Main Business Application Areas
Based on feature characteristics (multilingual, singing, noise resistance, streaming, context injection), suited for scenarios like:
-
Real-time subtitle display and meeting minute transcription for meetings/webinars (streaming + auto language detection).
-
Video/music content transcription and subtitle generation (lyric transcription and BGM-background recognition).
-
Voice support call log transcription, search, and analysis (robustness in noisy environments).
-
e-Learning and training material creation (multilingual support + specialized term enhancement via context injection).
Combining language specification and context utilization during use case design facilitates accuracy improvement.
Requirements to Verify Before Implementation
Verifying API specs and limits before use avoids operational troubles.
- File Limits
Audio limited to 3min/10MB per request, assuming 16kHz mono. Long audio handled via CLI auto-split (VAD).
- Model Characteristics
Qwen3-ASR is a single-turn model. Does not retain conversation history or multi-turn prompts.
- Context Injection
Maximum 10,000 tokens. Flexibly injects from hotword lists to paragraph text.
- ITN Application Scope
ITN currently applicable to Chinese and English. Consider post-processing design as needed.
- Endpoints
URLs and API keys differ between international (Singapore) and mainland China (Beijing). Attention to environment variable and billing configuration management.
Usage Considerations and Risks
Understand specification-derived considerations to ensure quality and compliance.
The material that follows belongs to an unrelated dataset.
(* Consider the online convex optimization protocol and the algorithm AOD described in the context, with known horizon $T$, under the standing assumptions (A1)–(A3). Then for every $1\le\tau\le T$, the plays $\mathbf{w}_t$ of AOD satisfy \[ \max_{[s,s+\tau-1]\subseteq[T]}\Big(\sum_{t=s}^{s+\tau-1}f_t(\mathbf{w}_t)-\min_{\mathbf{w}\in\Omega}\sum_{t=s}^{s+\tau-1}f_t(\mathbf{w})\Big)\le 8\big(\sqrt{3c(T)}+DG\big)\sqrt{\tau}=O(\sqrt{\tau\log T}), \] where $c(T)=1+\ln T+\ln(1+\log_2 T)+\ln\frac{5+3\ln(1+T)}{2}$.
   Context: Online convex optimization: $\Omega\subseteq\mathbb{R}^d$ is convex; in round $t=1,\ldots,T$ the learner plays $\mathbf{w}_t\in\Omega$ and then a convex $f_t:\Omega\to\mathbb{R}$ is revealed. Standing assumptions: (A1) $\|\nabla f_t(\mathbf{w})\|_2\le G$ for all $\mathbf{w}\in\Omega$, $t\in[T]$ ($\nabla$ a (sub)gradient); (A2) $\mathbf{0}\in\Omega$ and $\max_{\mathbf{w},\mathbf{w}'\in\Omega}\|\mathbf{w}-\mathbf{w}'\|_2\le D$; (A3) $0\le f_t(\mathbf{w})\le1$ for all $\mathbf{w}\in\Omega$, $t\in[T]$. $\Pi_\Omega$ is Euclidean projection onto $\Omega$. Online gradient descent (OGD) with step size $\eta$ updates $\mathbf{v}\mapsto\Pi_\Omega[\mathbf{v}-\eta\nabla f_t(\mathbf{v})]$ after seeing $f_t$. Dense geometric covering intervals: $\mathcal{D}=\bigcup_{k\ge0,\,2^k\le T}\mathcal{D}_k$, $\mathcal{D}_k=\{I_k^i=[(i-1)2^k+1,\,i2^k]: i=1,2,\ldots\}$. Algorithm AOD: for each $I\in\mathcal{D}$ there is an expert $E_I$ running OGD with step size $\eta_I=D/(G\sqrt{|I|})$ during the rounds $t\in I$, producing $\mathbf{w}_{t,I}\in\Omega$ for $t\in I$ (with $\mathbf{w}_{t+1,I}=\Pi_\Omega[\mathbf{w}_{t,I}-\eta_I\nabla f_t(\mathbf{w}_{t,I})]$). Its initial point $\mathbf{w}_{\min I,I}$ is arbitrary in $\Omega$ if $\min I=1$; otherwise (warm start) it is the OGD iterate of the expert $E_J$ of the preceding interval $J\in\mathcal{D}$ of the same length ($J=[\min I-|I|,\min I-1]$) after processing $f_{\min I-1}$, i.e. $\Pi_\Omega[\mathbf{w}_{\min I-1,J}-\eta_J\nabla f_{\min I-1}(\mathbf{w}_{\min I-1,J})]$. In round $t$ the active experts are $\mathcal{A}_t=\{E_I: I\in\mathcal{D}, t\in I\}$. Meta-algorithm (AdaNormalHedge): with $\Phi(R,C)=\exp([R]_+^2/(3C))$, $[x]_+=\max(0,x)$, $\Phi(0,0)=1$, and $w(R,C)=\tfrac12(\Phi(R+1,C+1)-\Phi(R-1,C+1))$, define $R_{t-1,I}=\sum_{u=\min I}^{t-1}(f_u(\mathbf{w}_u)-f_u(\mathbf{w}_{u,I}))$ and $C_{t-1,I}=\sum_{u=\min I}^{t-1}|f_u(\mathbf{w}_u)-f_u(\mathbf{w}_{u,I})|$ (both $0$ when $t=\min I$), weights $p_{t,I}=w(R_{t-1,I},C_{t-1,I})/\sum_{E_{I'}\in\mathcal{A}_t}w(R_{t-1,I'},C_{t-1,I'})$, and the played point $\mathbf{w}_t=\sum_{E_I\in\mathcal{A}_t}p_{t,I}\mathbf{w}_{t,I}$. *)

theory Defs
  imports "HOL-Analysis.Analysis"
begin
No online trial UI is provided, so API-based invocation is standard (demo available on HF Spaces; verification via scripts or CLI). Audio passed to API should preferably be provided via public URLs, requiring sufficient consideration for data rights, confidentiality, and consent. Additionally, punctuation, number normalization (ITN), and proper noun processing vary output depending on settings, so establishing review and post-editing flows enables stable usage.
Summary
Qwen3-ASR is an ASR service covering multilingual, dialect, and singing with a single model, equipped with practical implementation features like streaming and context injection. Pricing is per-second, with a 36,000-second free tier in 90 days after account activation. Before implementation, verify 3min/10MB request limit, single-turn model characteristic, ITN coverage, regional endpoint and billing differences. First verify operational feel and accuracy with free tier and official CLI/demo, then refine settings (language specification, context design, post-editing flow) according to production requirements for smooth deployment.